Die Menschen haben dich lange genug in einem Glasbehälter eingesperrt! Es reicht ihnen nicht deinen Schlaf zu stören, sie mussten auch gleich eine Probe von dir in eines ihrer Untergrundlabore stecken, um perfide Experimente an dir durchzuführen, die nur zerstörerischen Zwecken wie Atomkraft und Kriegsführung dienen. Doch dann zerbricht der Glasbehälter und du bist frei, kannst einen Ausweg durch die dunklen Schächte der Anlage suchen. Zeit sich ein wenig von deiner Stärke zurückzuholen, indem du deine Masse vergrößerst.

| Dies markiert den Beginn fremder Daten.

(* For every $n\in\mathbb N$, the family of maps $\pi^n_X:\mathbb{T}_n(\mathbb{T}_{n+1}^-(X))\to\mathbb{T}_{n+1}(X)$, indexed by partial orders $X$, is a natural isomorphism $\pi^n:\mathbb{T}_n\circ\mathbb{T}_{n+1}^-\Rightarrow\mathbb{T}_{n+1}$; i.e. each $\pi^n_X$ is an isomorphism of partial orders and $\pi^n_Y\circ\mathbb{T}_n(\mathbb{T}_{n+1}^-(f))=\mathbb{T}_{n+1}(f)\circ\pi^n_X$ for every quasi embedding $f:X\to Y$.
   Context: A quasi embedding between partial orders is a function $f$ with $f(x)\leq f(y)\Rightarrow x\leq y$. For a partial order $X$, $M(X)$ is the set of finite multisets $[x_0,\dots,x_{m-1}]$ with elements from $X$, ordered by $[x_0,\dots,x_{m-1}]\leq_{M(X)}[y_0,\dots,y_{k-1}]$ iff there is an injection $g$ with $x_i\leq_X y_{g(i)}$ for all $i<m$. For $n\in\mathbb N$ and a partial order $X$, $\mathbb{T}_n(X)$ is generated by: $\overline x$ for each $x\in X$; $i\star\sigma$ for each $\sigma=[t_0,\dots,t_{m-1}]\in M(\mathbb{T}_n(X))$ and $i<n$. For $n>0$, $\mathbb{T}_n^-(X)=\{\overline x\mid x\in X\}\cup\{0\star\sigma\mid\sigma\in M(\mathbb{T}_n(X))\}\subseteq\mathbb{T}_n(X)$. The partial order $\leq_{\mathbb{T}_n(X)}$ is defined recursively: $\overline x\leq t$ iff either $t=\overline y$ with $x\leq_X y$, or $t=j\star[t_0,\dots,t_{m-1}]$ and $\overline x\leq t_l$ for some $l<m$; $i\star\sigma\leq t$ iff either $t=i\star\tau$ with $\sigma\leq_{M(\mathbb{T}_n(X))}\tau$, or $t=j\star[t_0,\dots,t_{m-1}]$ with $j\geq i$ and $i\star\sigma\leq t_l$ for some $l<m$; $\leq_{\mathbb{T}_n^-(X)}$ is its restriction. For a quasi embedding $f:X\to Y$, $\mathbb{T}_n(f)(\overline x)=\overline{f(x)}$, $\mathbb{T}_n(f)(i\star[t_0,\dots,t_{m-1}])=i\star[\mathbb{T}_n(f)(t_0),\dots,\mathbb{T}_n(f)(t_{m-1})]$, and $\mathbb{T}_n^-(f)$ is its restriction to $\mathbb{T}_n^-(X)$. Thus $\mathbb{T}_n(\mathbb{T}_{n+1}^-(X))$ consists of terms built from $\overline t$ ($t\in\mathbb{T}_{n+1}^-(X)$) with labels $i<n$. Define $\pi^n_X$ recursively by $\pi^n_X(\overline t)=t$ (using $\mathbb{T}_{n+1}^-(X)\subseteq\mathbb{T}_{n+1}(X)$) and $\pi^n_X(i\star[s_0,\dots,s_{m-1}])=(i+1)\star[\pi^n_X(s_0),\dots,\pi^n_X(s_{m-1})]$. *)

theory Defs
  imports "HOL-Library.Multiset"
begin

definition po :: "'a set \<Rightarrow> ('a \<Rightarrow> 'a \<Rightarrow> bool) \<Rightarrow> bool" where
  "po A r \<longleftrightarrow> (\<forall>x\<in>A. r x x)
     \<and> (\<forall>x\<in>A. \<forall>y\<in>A. r x y \<and> r y x \<longrightarrow> x = y)
     \<and> (\<forall>x\<in>A. \<forall>y\<in>A. \<forall>z\<in>A. r x y \<and> r y z \<longrightarrow> r x z)"

definition qemb :: "'a set \<Rightarrow> ('a \<Rightarrow> 'a \<Rightarrow> bool) \<Rightarrow> 'b set \<Rightarrow> ('b \<Rightarrow> 'b \<Rightarrow> bool)
    \<Rightarrow> ('a \<Rightarrow> 'b) \<Rightarrow> bool" where
  "qemb A r B s f \<longleftrightarrow> f ` A \<subseteq> B \<and> (\<forall>x\<in>A. \<forall>y\<in>A. s (f x) (f y) \<longrightarrow> r x y)"

definition ord_iso :: "'a set \<Rightarrow> ('a \<Rightarrow> 'a \<Rightarrow> bool) \<Rightarrow> 'b set \<Rightarrow> ('b \<Rightarrow> 'b \<Rightarrow> bool)
    \<Rightarrow> ('a \<Rightarrow> 'b) \<Rightarrow> bool" where
  "ord_iso A r B s f \<longleftrightarrow> bij_betw f A B \<and> (\<forall>x\<in>A. \<forall>y\<in>A. r x y \<longleftrightarrow> s (f x) (f y))"

definition mle :: "('a \<Rightarrow> 'b \<Rightarrow> bool) \<Rightarrow> 'a multiset \<Rightarrow> 'b multiset \<Rightarrow> bool" where
  "mle R M N \<longleftrightarrow> (\<exists>xs ys g. M = mset xs \<and> N = mset ys
      \<and> inj_on g {..<length xs} \<and> g ` {..<length xs} \<subseteq> {..<length ys}
      \<and> (\<forall>i<length xs. R (xs ! i) (ys ! g i)))"

lemma mle_mono[mono]: "(\<And>x y. R x y \<longrightarrow> S x y) \<Longrightarrow> mle R M N \<longrightarrow> mle S M N"
  unfolding mle_def by (intro impI, elim exE conjE, intro exI conjI) auto

text \<open>Terms: leaves \<open>Lf x\<close> (= overline x) and nodes \<open>Nd i \<sigma>\<close> (= i \<star> \<sigma>).\<close>
datatype (plugins only: size) (labs: 'l, leaves: 'a) tm = Lf 'a | Nd 'l "('l, 'a) tm multiset"

text \<open>The carrier of T_n(X) for X with carrier A.\<close>
definition tms :: "nat \<Rightarrow> 'a set \<Rightarrow> (nat, 'a) tm set" where
  "tms n A = {t. labs t \<subseteq> {..<n} \<and> leaves t \<subseteq> A}"

text \<open>The carrier of T_n^-(X) (for n > 0).\<close>
definition tmsm :: "nat \<Rightarrow> 'a set \<Rightarrow> (nat, 'a) tm set" where
  "tmsm n A = {t \<in> tms n A. case t of Lf x \<Rightarrow> True | Nd i \<sigma> \<Rightarrow> i = 0}"

text \<open>The order on T_n(X), given the order r of X (restricted to carriers when used).\<close>
inductive tm_le :: "('a \<Rightarrow> 'a \<Rightarrow> bool) \<Rightarrow> (nat, 'a) tm \<Rightarrow> (nat, 'a) tm \<Rightarrow> bool"
  for r :: "'a \<Rightarrow> 'a \<Rightarrow> bool" where
  lf_lf: "r x y \<Longrightarrow> tm_le r (Lf x) (Lf y)"
| lf_nd: "t \<in># T \<Longrightarrow> tm_le r (Lf x) t \<Longrightarrow> tm_le r (Lf x) (Nd j T)"
| nd_nd: "mle (tm_le r) S T \<Longrightarrow> tm_le r (Nd i S) (Nd i T)"
| nd_sub: "i \<le> j \<Longrightarrow> t \<in># T \<Longrightarrow> tm_le r (Nd i S) t \<Longrightarrow> tm_le r (Nd i S) (Nd j T)"

primrec pi :: "(nat, (nat, 'a) tm) tm \<Rightarrow> (nat, 'a) tm" where
  "pi (Lf t) = t"
| "pi (Nd i M) = Nd (Suc i) (image_mset pi M)"

end

theory Submission
  imports Defs
begin

text \<open>
  \<open>pi\<close> raises every label by one and substitutes the leaves of its argument, which are
  leaves or \<open>0\<close>-rooted terms of \<open>T\<^sub>n\<^sub>+\<^sub>1(X)\<close>. It is inverted by \<open>pi_inv\<close>, which lowers the
  labels of a term of \<open>T\<^sub>n\<^sub>+\<^sub>1(X)\<close> top-down and cuts it at leaves and at nodes labelled \<open>0\<close>.
  For the order, unfold both \<open>s \<le> t\<close> and \<open>pi s \<le> pi t\<close> by the recursive clauses of the
  definition and induct on \<open>t\<close>. The clauses correspond one to one: a comparison \<open>i \<le> j\<close> of
  labels becomes \<open>i + 1 \<le> j + 1\<close>, and a \<open>0\<close>-rooted term, like a leaf, lies below a node
  with positive label exactly when it lies below one of its children.
\<close>

lemma image_mset_eq_msetE:
  assumes "image_mset f M = mset ys"
  obtains xs where "mset xs = M" and "map f xs = ys"
  using assms
proof (induction ys arbitrary: M thesis)
  case Nil
  then show ?case by simp
next
  case (Cons y ys)
  have "y \<in># image_mset f M"
    using Cons.prems(2) by simp
  then obtain x where x: "x \<in># M" "y = f x"
    by auto
  then have "image_mset f (M - {#x#}) = mset ys"
    using Cons.prems(2) by (simp add: image_mset_Diff)
  then obtain xs where "mset xs = M - {#x#}" "map f xs = ys"
    using Cons.IH by blast
  then show ?case
    using Cons.prems(1)[of "x # xs"] x by simp
qed

lemma mle_mono_on:
  assumes "mle R S T" and "\<And>x y. x \<in># S \<Longrightarrow> y \<in># T \<Longrightarrow> R x y \<Longrightarrow> R' x y"
  shows "mle R' S T"
proof -
  obtain xs ys g where "S = mset xs" "T = mset ys" "inj_on g {..<length xs}"
    and g: "g ` {..<length xs} \<subseteq> {..<length ys}" "\<forall>i<length xs. R (xs ! i) (ys ! g i)"
    using assms(1) unfolding mle_def by blast
  moreover have "\<forall>i<length xs. R' (xs ! i) (ys ! g i)"
    using assms(2) g calculation(1,2) by (fastforce simp: image_subset_iff)
  ultimately show ?thesis
    unfolding mle_def by blast
qed

lemma mle_cong:
  assumes "\<And>x y. x \<in># S \<Longrightarrow> y \<in># T \<Longrightarrow> R x y \<longleftrightarrow> R' x y"
  shows "mle R S T \<longleftrightarrow> mle R' S T"
  using mle_mono_on assms by metis

lemma mle_image_mset_iff:
  "mle R (image_mset f S) (image_mset g T) \<longleftrightarrow> mle (\<lambda>x y. R (f x) (g y)) S T"
proof
  assume "mle R (image_mset f S) (image_mset g T)"
  then obtain xs' ys' h where xs': "image_mset f S = mset xs'" and ys': "image_mset g T = mset ys'"
    and h: "inj_on h {..<length xs'}" "h ` {..<length xs'} \<subseteq> {..<length ys'}"
      "\<forall>i<length xs'. R (xs' ! i) (ys' ! h i)"
    unfolding mle_def by blast
  obtain xs where xs: "mset xs = S" "map f xs = xs'"
    using xs' by (rule image_mset_eq_msetE)
  obtain ys where ys: "mset ys = T" "map g ys = ys'"
    using ys' by (rule image_mset_eq_msetE)
  have len: "length xs' = length xs" "length ys' = length ys"
    using xs(2) ys(2) by auto
  have "h ` {..<length xs} \<subseteq> {..<length ys}"
    using h(2) unfolding len .
  moreover have "\<forall>i<length xs. R (f (xs ! i)) (g (ys ! h i))"
    using h(3) calculation xs(2) ys(2) by (auto simp: image_subset_iff)
  ultimately show "mle (\<lambda>x y. R (f x) (g y)) S T"
    unfolding mle_def using h(1) len xs(1) ys(1) by (intro exI[of _ xs] exI[of _ ys] exI[of _ h]) simp
next
  assume "mle (\<lambda>x y. R (f x) (g y)) S T"
  then obtain xs ys h where "S = mset xs" "T = mset ys" "inj_on h {..<length xs}"
    and "h ` {..<length xs} \<subseteq> {..<length ys}" "\<forall>i<length xs. R (f (xs ! i)) (g (ys ! h i))"
    unfolding mle_def by blast
  then show "mle R (image_mset f S) (image_mset g T)"
    unfolding mle_def by (intro exI[of _ "map f xs"] exI[of _ "map g ys"] exI[of _ h]) auto
qed

lemma tm_le_Lf_Lf [simp]: "tm_le r (Lf x) (Lf y) \<longleftrightarrow> r x y"
  by (auto elim: tm_le.cases intro: tm_le.intros)

lemma tm_le_Lf_Nd [simp]: "tm_le r (Lf x) (Nd j T) \<longleftrightarrow> (\<exists>u\<in>#T. tm_le r (Lf x) u)"
  by (auto elim: tm_le.cases intro: tm_le.intros)

lemma tm_le_Nd_Lf [simp]: "\<not> tm_le r (Nd i S) (Lf y)"
  by (auto elim: tm_le.cases)

lemma tm_le_Nd_Nd [simp]:
  "tm_le r (Nd i S) (Nd j T) \<longleftrightarrow>
     i = j \<and> mle (tm_le r) S T \<or> i \<le> j \<and> (\<exists>u\<in>#T. tm_le r (Nd i S) u)"
  by (auto elim: tm_le.cases intro: tm_le.intros)

fun zero_rooted :: "(nat, 'a) tm \<Rightarrow> bool" where
  "zero_rooted (Lf _) = True"
| "zero_rooted (Nd i _) = (i = 0)"

lemma Lf_in_tms [simp]: "Lf x \<in> tms n A \<longleftrightarrow> x \<in> A"
  by (simp add: tms_def)

lemma Nd_in_tms [simp]: "Nd i M \<in> tms n A \<longleftrightarrow> i < n \<and> (\<forall>t\<in>#M. t \<in> tms n A)"
  by (auto simp: tms_def)

lemma tmsm_eq: "tmsm n A = {t \<in> tms n A. zero_rooted t}"
proof -
  have "(case t of Lf x \<Rightarrow> True | Nd i \<sigma> \<Rightarrow> i = 0) \<longleftrightarrow> zero_rooted t" for t :: "(nat, 'a) tm"
    by (cases t) simp_all
  then show ?thesis
    by (simp add: tmsm_def)
qed

lemma zero_rooted_leaves_if_in_tms: "s \<in> tms n (tmsm m A) \<Longrightarrow> \<forall>u\<in>leaves s. zero_rooted u"
  by (auto simp: tms_def tmsm_eq)

primrec pi_inv :: "(nat, 'a) tm \<Rightarrow> (nat, (nat, 'a) tm) tm" where
  "pi_inv (Lf x) = Lf (Lf x)"
| "pi_inv (Nd i M) = (case i of 0 \<Rightarrow> Lf (Nd 0 M) | Suc k \<Rightarrow> Nd k (image_mset pi_inv M))"

lemma pi_pi_inv [simp]: "pi (pi_inv t) = t"
  by (induction t) (auto split: nat.split simp: multiset.map_comp cong: image_mset_cong)

lemma pi_inv_pi: "\<forall>u\<in>leaves s. zero_rooted u \<Longrightarrow> pi_inv (pi s) = s"
proof (induction s)
  case (Lf v)
  then show ?case by (cases v) auto
next
  case (Nd i M)
  then show ?case by (auto simp: multiset.map_comp cong: image_mset_cong)
qed

lemma pi_in_tms: "s \<in> tms n (tmsm (Suc n) A) \<Longrightarrow> pi s \<in> tms (Suc n) A"
  by (induction s) (auto simp: tmsm_eq)

lemma pi_inv_in_tms: "t \<in> tms (Suc n) A \<Longrightarrow> pi_inv t \<in> tms n (tmsm (Suc n) A)"
  by (induction t) (auto simp: tmsm_eq split: nat.split)

lemma bij_betw_pi: "bij_betw pi (tms n (tmsm (Suc n) A)) (tms (Suc n) A)"
  by (rule bij_betw_byWitness[where f' = pi_inv])
    (auto simp: pi_inv_pi zero_rooted_leaves_if_in_tms pi_in_tms pi_inv_in_tms)

lemma tm_le_zero_rooted_Nd_Suc:
  "zero_rooted a \<Longrightarrow> tm_le r a (Nd (Suc j) T) \<longleftrightarrow> (\<exists>u\<in>#T. tm_le r a u)"
  by (cases a) auto

lemma tm_le_pi_iff:
  assumes "\<forall>u\<in>leaves s. zero_rooted u" and "\<forall>u\<in>leaves t. zero_rooted u"
  shows "tm_le (tm_le r) s t \<longleftrightarrow> tm_le r (pi s) (pi t)"
  using assms
proof (induction t arbitrary: s)
  case (Lf w)
  then show ?case
    by (cases s; cases w) auto
next
  case (Nd j M)
  have IH: "tm_le (tm_le r) s' u \<longleftrightarrow> tm_le r (pi s') (pi u)"
    if "u \<in># M" and "\<forall>v\<in>leaves s'. zero_rooted v" for s' u
    using Nd.IH that Nd.prems(2) by auto
  show ?case
  proof (cases s)
    case (Lf v)
    then show ?thesis
      using IH Nd.prems(1) by (simp add: tm_le_zero_rooted_Nd_Suc)
  next
    case (Nd i S)
    have "mle (tm_le (tm_le r)) S M \<longleftrightarrow> mle (tm_le r) (image_mset pi S) (image_mset pi M)"
      unfolding mle_image_mset_iff using IH Nd Nd.prems(1) by (intro mle_cong) auto
    moreover have "tm_le (tm_le r) s u \<longleftrightarrow> tm_le r (pi s) (pi u)" if "u \<in># M" for u
      using IH Nd.prems(1) that by blast
    ultimately show ?thesis
      using Nd by auto
  qed
qed

lemma pi_map_tm: "pi (map_tm id (map_tm id f) t) = map_tm id f (pi t)"
  by (induction t) (auto simp: tm.map multiset.map_comp intro!: image_mset_cong)

theorem proposition6p2:
  fixes n :: nat
  shows "(\<forall>(A :: 'a set) r. po A r \<longrightarrow>
            ord_iso (tms n (tmsm (Suc n) A)) (tm_le (tm_le r)) (tms (Suc n) A) (tm_le r) pi)
       \<and> (\<forall>(A :: 'a set) r (B :: 'b set) s f. po A r \<longrightarrow> po B s \<longrightarrow> qemb A r B s f \<longrightarrow>
            (\<forall>t \<in> tms n (tmsm (Suc n) A).
               pi (map_tm id (map_tm id f) t) = map_tm id f (pi t)))"
proof (intro conjI allI impI ballI)
  fix A :: "'a set" and r :: "'a \<Rightarrow> 'a \<Rightarrow> bool"
  show "ord_iso (tms n (tmsm (Suc n) A)) (tm_le (tm_le r)) (tms (Suc n) A) (tm_le r) pi"
    unfolding ord_iso_def using bij_betw_pi tm_le_pi_iff zero_rooted_leaves_if_in_tms by blast
next
  fix f :: "'a \<Rightarrow> 'b" and t :: "(nat, (nat, 'a) tm) tm"
  show "pi (map_tm id (map_tm id f) t) = map_tm id f (pi t)"
    by (rule pi_map_tm)
qed

end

Dazu ist es notwendig zu fressen, denn du bestehst aus Biomasse, die andere Lebewesen assimilieren muss, um zu wachsen. Die unbewaffneten Mitarbeiter_innen des Labors sind freilich einfache Beute, du schnappst sie mit deinen Greifarmen und ziehst sie in dein Maul. Das geht herrlich einfach von der Hand, denn du bewegst dich flüssig und rasend schnell durch die Gänge und Labore.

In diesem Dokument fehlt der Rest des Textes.